[[ EXERCISE INPUTS open ]]

definition maximizes_min_cut :: "real \<Rightarrow> real \<Rightarrow> real \<Rightarrow> real \<Rightarrow> real \<Rightarrow> real \<Rightarrow> bool" where
  "maximizes_min_cut a b c d xs ys \<longleftrightarrow> xs > 0 \<and> ys > 0 \<and>
     (\<forall>x y. x > 0 \<longrightarrow> y > 0 \<longrightarrow> min_cut_arg a b c d x y \<le> min_cut_arg a b c d xs ys)"

text \<open>Unlike \<open>pos_part \<circ> log 2\<close>, this form is monotone on all reals and so commutes with \<open>Min\<close>.\<close>

lemma pos_part_log_eq: "t > 0 \<Longrightarrow> pos_part (log 2 t) = log 2 (max t 1)"
  by (simp add: pos_part_def max_def)

lemma mono_log_max_one: "mono (\<lambda>t. log 2 (max t 1))"
  by (rule monoI) simp

lemma MinRate_eq_min_cut_arg:
  assumes "x > 0" "y > 0"
  shows "MinRate h1 h2 g1 g2 x y = log 2 (max (min_cut_arg (h1^2) (h2^2) (g1^2) (g2^2) x y) 1)"
proof -
  let ?E = "\<lambda>\<Omega>. cut_arg (h1^2) (h2^2) (g1^2) (g2^2) \<Omega> (x / (1 + x)) (y / (1 + y))"
  have "MinRate h1 h2 g1 g2 x y = Min ((\<lambda>t. log 2 (max t 1)) ` ?E ` Pow {1, 2})"
    unfolding MinRate_def image_image
  proof (intro arg_cong[where f = Min] image_cong refl)
    fix \<Omega> :: "nat set"
    have "?E \<Omega> > 0"
      using assms by (intro cut_arg_pos) (simp_all add: frac_one_plus)
    then show "Rate h1 h2 g1 g2 \<Omega> x y = log 2 (max (?E \<Omega>) 1)"
      using assms by (simp add: Rate_eq_cut_arg pos_part_log_eq)
  qed
  also have "\<dots> = log 2 (max (Min (?E ` Pow {1, 2})) 1)"
    by (rule mono_Min_commute[OF mono_log_max_one, symmetric]) auto
  finally show ?thesis
    unfolding min_cut_arg_def .
qed

lemma optimal_QMF_if_maximizes_min_cut:
  assumes "maximizes_min_cut (h1^2) (h2^2) (g1^2) (g2^2) xs ys"
  shows "optimal_QMF h1 h2 g1 g2 xs ys"
  using assms monoD[OF mono_log_max_one]
  unfolding optimal_QMF_def maximizes_min_cut_def by (simp add: MinRate_eq_min_cut_arg)

lemma tangent_pos_if_prod_gt:
  fixes P Q P0 Q0 :: real
  assumes "P > 0" "Q > 0" "P0 > 0" "Q0 > 0" "P0 * Q0 < P * Q"
  shows "0 < (P - P0) * Q0 + (Q - Q0) * P0"
proof -
  have "(P0 * Q0) * (P0 * Q0) < (P * Q) * (P0 * Q0)"
    using assms by (intro mult_strict_right_mono) auto
  \<comment> \<open>AM-GM for \<open>P Q0\<close> and \<open>Q P0\<close>\<close>
  moreover have "(P * Q0 + Q * P0)^2 = (P * Q0 - Q * P0)^2 + 4 * ((P * Q) * (P0 * Q0))"
    "(2 * (P0 * Q0))^2 = 4 * ((P0 * Q0) * (P0 * Q0))"
    by algebra+
  ultimately have "(2 * (P0 * Q0))^2 < (P * Q0 + Q * P0)^2"
    using zero_le_power2[of "P * Q0 - Q * P0"] by linarith
  then have "2 * (P0 * Q0) < P * Q0 + Q * P0"
    by (rule power_less_imp_less_base) (use assms in auto)
  then show ?thesis
    by (simp add: algebra_simps)
qed

lemma weighted_sum_gt_if_tangent:
  fixes a b U W U0 W0 :: real
  assumes "a > 0" "U > 0" "W > 0" "U0 > 0" "W0 > 0"
    and "a * U0 = b * W0" "U0 * W0 < U * W"
  shows "a * U0 + b * W0 < a * U + b * W"
proof -
  have "0 < a * ((U - U0) * W0 + (W - W0) * U0)"
    using assms tangent_pos_if_prod_gt[of U W U0 W0] by simp
  also have "\<dots> = W0 * (a * (U - U0) + b * (W - W0))"
    using arg_cong[OF assms(6), of "\<lambda>t. t * (W - W0)"] by (simp add: algebra_simps)
  finally have "0 < a * (U - U0) + b * (W - W0)"
    using assms(5) zero_less_mult_pos by blast
  then show ?thesis
    by (simp add: algebra_simps)
qed

lemma lens_side_if_tangent_le:
  fixes a b U W U0 W0 :: real
  assumes "a > 0" "b \<ge> 0" "U > 0" "W > 0" "U0 > 0" "W0 > 0"
    and "b * W0 \<le> a * U0" "U0 * W0 < U * W" "a * U + b * W < a * U0 + b * W0"
  shows "U < U0 \<and> W0 < W"
proof -
  have "W0 < W"
  proof (rule ccontr)
    assume "\<not> W0 < W"
    then have "(W0 - W) * (b * W0) \<le> (W0 - W) * (a * U0)"
      using assms(7) by (intro mult_left_mono) auto
    moreover have "0 < a * ((U - U0) * W0 + (W - W0) * U0)"
      using assms tangent_pos_if_prod_gt[of U W U0 W0] by simp
    ultimately have "0 < W0 * (a * (U - U0) + b * (W - W0))"
      by (simp add: algebra_simps)
    then have "0 < a * (U - U0) + b * (W - W0)"
      using assms(6) zero_less_mult_pos by blast
    with assms(9) show False
      by (simp add: algebra_simps)
  qed
  moreover have "a * U < a * U0"
    using \<open>W0 < W\<close> assms(2,9) mult_left_mono[of W0 W b] by linarith
  ultimately show ?thesis
    using assms(1) by simp
qed

lemma exists_cut_arg_le:
  fixes a b c d u w u0 w0 :: real
  assumes pos: "a > 0" "b > 0" "c \<ge> 0" "d \<ge> 0"
    and unit: "0 < u" "u < 1" "0 < w" "w < 1" "0 < u0" "u0 < 1" "0 < w0" "w0 < 1"
  defines "E \<equiv> cut_arg a b c d"
  assumes balanced: "E {} u0 w0 = E {1, 2} u0 w0"
    and tie: "(E {1} u0 w0 = E {1, 2} u0 w0 \<and> b * w0 \<le> a * u0)
            \<or> (E {2} u0 w0 = E {1, 2} u0 w0 \<and> a * u0 \<le> b * w0)
            \<or> a * u0 = b * w0"
  shows "\<exists>\<Omega>\<in>Pow {1, 2}. E \<Omega> u w \<le> E {} u0 w0"
proof (rule ccontr)
  assume "\<not> ?thesis"
  then have gt: "E {} u0 w0 < E \<Omega> u w" if "\<Omega> \<in> Pow {1, 2}" for \<Omega>
    using that by (meson not_le)
  have sum: "a * u + b * w < a * u0 + b * w0"
    using gt[of "{}"] unfolding E_def cut_arg_def by (simp add: algebra_simps)
  have "(1 + c + d) * (u0 * w0) < (1 + c + d) * (u * w)"
    using gt[of "{1, 2}"] balanced unfolding E_def cut_arg_def by (simp add: mult.assoc)
  then have prod: "u0 * w0 < u * w"
    using pos by (simp add: mult_less_cancel_left_pos)
  have shrink: "(1 + k) * (1 + m * (1 - s)) * t < (1 + k) * (1 + m * (1 - s0)) * t0"
    if "k \<ge> 0" "m \<ge> 0" "0 < t" "t < t0" "s0 \<le> s" "s < 1" for k m s t s0 t0 :: real
  proof -
    have "m * (1 - s) \<le> m * (1 - s0)"
      using that by (intro mult_left_mono) auto
    then have "(1 + m * (1 - s)) * t < (1 + m * (1 - s0)) * t0"
      using that by (intro mult_le_less_imp_less add_pos_nonneg) auto
    then show ?thesis
      using that(1) by (simp add: mult.assoc)
  qed
  from tie show False
  proof (elim disjE conjE)
    assume "E {1} u0 w0 = E {1, 2} u0 w0" "b * w0 \<le> a * u0"
    then have "u < u0 \<and> w0 < w"
      using pos unit prod sum by (intro lens_side_if_tangent_le) auto
    then have "E {1} u w < E {1} u0 w0"
      using pos unit shrink[of c b u u0 w0 w] unfolding E_def cut_arg_def by simp
    then show False
      using gt[of "{1}"] balanced \<open>E {1} u0 w0 = E {1, 2} u0 w0\<close> by simp
  next
    assume "E {2} u0 w0 = E {1, 2} u0 w0" "a * u0 \<le> b * w0"
    then have "w < w0 \<and> u0 < u"
      using lens_side_if_tangent_le[of b a w u w0 u0] pos unit prod sum
      by (simp add: mult.commute add.commute)
    then have "E {2} u w < E {2} u0 w0"
      using pos unit shrink[of d a w w0 u0 u] unfolding E_def cut_arg_def by simp
    then show False
      using gt[of "{2}"] balanced \<open>E {2} u0 w0 = E {1, 2} u0 w0\<close> by simp
  next
    assume "a * u0 = b * w0"
    then show False
      using weighted_sum_gt_if_tangent[of a u w u0 w0 b] pos unit prod sum by simp
  qed
qed

lemma maximizes_min_cut_if_balanced:
  fixes a b c d xs ys :: real
  assumes pos: "a > 0" "b > 0" "c \<ge> 0" "d \<ge> 0" and "xs > 0" "ys > 0"
  defines "u0 \<equiv> xs / (1 + xs)" and "w0 \<equiv> ys / (1 + ys)"
    and "E \<equiv> cut_arg a b c d"
  assumes balanced: "E {} u0 w0 = E {1, 2} u0 w0"
    and active: "E {1, 2} u0 w0 \<le> E {1} u0 w0" "E {1, 2} u0 w0 \<le> E {2} u0 w0"
    and tie: "(E {1} u0 w0 = E {1, 2} u0 w0 \<and> b * w0 \<le> a * u0)
            \<or> (E {2} u0 w0 = E {1, 2} u0 w0 \<and> a * u0 \<le> b * w0)
            \<or> a * u0 = b * w0"
  shows "maximizes_min_cut a b c d xs ys"
proof -
  have "min_cut_arg a b c d xs ys = E {} u0 w0"
    unfolding min_cut_arg_def u0_def[symmetric] w0_def[symmetric] E_def[symmetric]
    using balanced active by (intro Min_eqI) (auto simp: Pow_insert)
  moreover have "min_cut_arg a b c d x y \<le> E {} u0 w0" if xy: "x > 0" "y > 0" for x y
  proof -
    obtain \<Omega> where "\<Omega> \<in> Pow {1, 2}" "E \<Omega> (x / (1 + x)) (y / (1 + y)) \<le> E {} u0 w0"
      using exists_cut_arg_le[OF pos frac_one_plus(1,2)[OF xy(1)] frac_one_plus(1,2)[OF xy(2)]
          frac_one_plus(1,2)[OF \<open>xs > 0\<close>] frac_one_plus(1,2)[OF \<open>ys > 0\<close>]] balanced tie
      unfolding E_def u0_def w0_def by blast
    then show ?thesis
      unfolding min_cut_arg_def E_def[symmetric]
      by (meson Min_le finite_imageI finite_Pow_iff finite.intros image_eqI order_trans)
  qed
  ultimately show ?thesis
    unfolding maximizes_min_cut_def using assms(5,6) by simp
qed

lemma cut_arg_empty_sub_12:
  assumes "x > 0" "y > 0"
  shows "cut_arg a b c d {} (x / (1 + x)) (y / (1 + y)) - cut_arg a b c d {1, 2} (x / (1 + x)) (y / (1 + y))
           = ((1 + a) * y + (1 + a + b) - x * ((c + d) * y - (1 + b))) / ((1 + x) * (1 + y))"
  using assms
  by (simp add: cut_arg_def field_simps add_pos_pos) (simp add: add_divide_distrib[symmetric] algebra_simps)

lemma cut_arg_1_sub_12:
  assumes "x > 0" "y > 0"
  shows "cut_arg a b c d {1} (x / (1 + x)) (y / (1 + y)) - cut_arg a b c d {1, 2} (x / (1 + x)) (y / (1 + y))
           = x / (1 + x) * ((1 + c) * (1 + b) - d * y) / (1 + y)"
  using assms
  by (simp add: cut_arg_def field_simps add_pos_pos) (simp add: add_divide_distrib[symmetric] algebra_simps)

lemma cut_arg_2_sub_12:
  assumes "x > 0" "y > 0"
  shows "cut_arg a b c d {2} (x / (1 + x)) (y / (1 + y)) - cut_arg a b c d {1, 2} (x / (1 + x)) (y / (1 + y))
           = y / (1 + y) * ((1 + d) * (1 + a) - c * x) / (1 + x)"
  using assms
  by (simp add: cut_arg_def field_simps add_pos_pos) (simp add: add_divide_distrib[symmetric] algebra_simps)

definition balanced_D1 :: "real \<Rightarrow> real \<Rightarrow> real \<Rightarrow> real \<Rightarrow> real \<Rightarrow> real" where
  "balanced_D1 a b c d y = ((1 + a) * y + (1 + a + b)) / ((c + d) * y - (1 + b))"

lemma balanced_D1_pos:
  assumes "a \<ge> 0" "b \<ge> 0" "y > 0" "1 + b < (c + d) * y"
  shows "balanced_D1 a b c d y > 0"
  using assms unfolding balanced_D1_def by (intro divide_pos_pos) (auto intro!: add_pos_nonneg)

lemma cut_arg_balanced_D1:
  assumes "a \<ge> 0" "b \<ge> 0" "y > 0" "1 + b < (c + d) * y"
  defines "x \<equiv> balanced_D1 a b c d y"
  shows "cut_arg a b c d {} (x / (1 + x)) (y / (1 + y)) = cut_arg a b c d {1, 2} (x / (1 + x)) (y / (1 + y))"
proof -
  have "x * ((c + d) * y - (1 + b)) = (1 + a) * y + (1 + a + b)"
    using assms(4) unfolding x_def balanced_D1_def by simp
  then show ?thesis
    using cut_arg_empty_sub_12[of x y a b c d] balanced_D1_pos[OF assms(1-4)] assms(3)
    unfolding x_def by simp
qed

lemma balanced_D1_antimono:
  assumes "a \<ge> 0" "b \<ge> 0" "c \<ge> 0" "d \<ge> 0" "1 + b < (c + d) * y1" "y1 \<le> y2"
  shows "balanced_D1 a b c d y2 \<le> balanced_D1 a b c d y1"
proof -
  have "(c + d) * y1 \<le> (c + d) * y2"
    using assms by (intro mult_left_mono) auto
  then have den: "0 < (c + d) * y1 - (1 + b)" "0 < (c + d) * y2 - (1 + b)"
    using assms(5) by linarith+
  have "((1 + a) * y2 + (1 + a + b)) * ((c + d) * y1 - (1 + b))
          - ((1 + a) * y1 + (1 + a + b)) * ((c + d) * y2 - (1 + b))
        = ((1 + a) * (1 + b) + (1 + a + b) * (c + d)) * (y1 - y2)"
    by (simp add: algebra_simps)
  also have "\<dots> \<le> 0"
    using assms by (intro mult_nonneg_nonpos) auto
  finally show ?thesis
    unfolding balanced_D1_def using den by (simp add: divide_le_eq le_divide_eq mult.commute)
qed

text \<open>\<open>tie_lead\<close>, \<open>2a(1+a)\<close> and \<open>a(1+a+b)\<close> are the constants \<open>A\<close>, \<open>B\<close>, \<open>C\<close> of the theorem.\<close>

definition tie_lead :: "real \<Rightarrow> real \<Rightarrow> real \<Rightarrow> real \<Rightarrow> real" where
  "tie_lead a b c d = a * (1 + a) - b * (1 + a + c + d)"

definition tie_quadratic :: "real \<Rightarrow> real \<Rightarrow> real \<Rightarrow> real \<Rightarrow> real \<Rightarrow> real" where
  "tie_quadratic a b c d y = tie_lead a b c d * y^2 + 2 * a * (1 + a) * y + a * (1 + a + b)"

lemma balanced_D1_tie:
  assumes "a \<ge> 0" "b \<ge> 0" "c \<ge> 0" "d \<ge> 0" "y > 0" "1 + b < (c + d) * y"
  defines "x \<equiv> balanced_D1 a b c d y"
  shows "a * (x / (1 + x)) - b * (y / (1 + y))
           = tie_quadratic a b c d y / (((1 + a + c + d) * y + a) * (1 + y))"
proof -
  have S: "0 < (1 + a + c + d) * y + a"
    using assms by (intro add_pos_nonneg mult_pos_pos) auto
  define N where "N = (1 + a) * y + (1 + a + b)"
  define Dn where "Dn = (c + d) * y - (1 + b)"
  have "Dn > 0"
    using assms(6) unfolding Dn_def by simp
  then have "x / (1 + x) = N / (Dn + N)"
    unfolding x_def balanced_D1_def N_def[symmetric] Dn_def[symmetric] by (simp add: field_simps)
  also have "Dn + N = (1 + a + c + d) * y + a"
    unfolding N_def Dn_def by (simp add: algebra_simps)
  finally have u: "x / (1 + x) = ((1 + a) * y + (1 + a + b)) / ((1 + a + c + d) * y + a)"
    unfolding N_def .
  show ?thesis
    using S assms(5) unfolding u tie_quadratic_def tie_lead_def
    by (simp add: field_simps) (simp add: algebra_simps power2_eq_square)
qed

[[ EXERCISE INPUTS closed ]]

**ASSIGNMENT**
Which lines of the records hold the string "ccontr"? Copy each one.

**TASK RESULT**
  proof (rule ccontr)
proof (rule ccontr)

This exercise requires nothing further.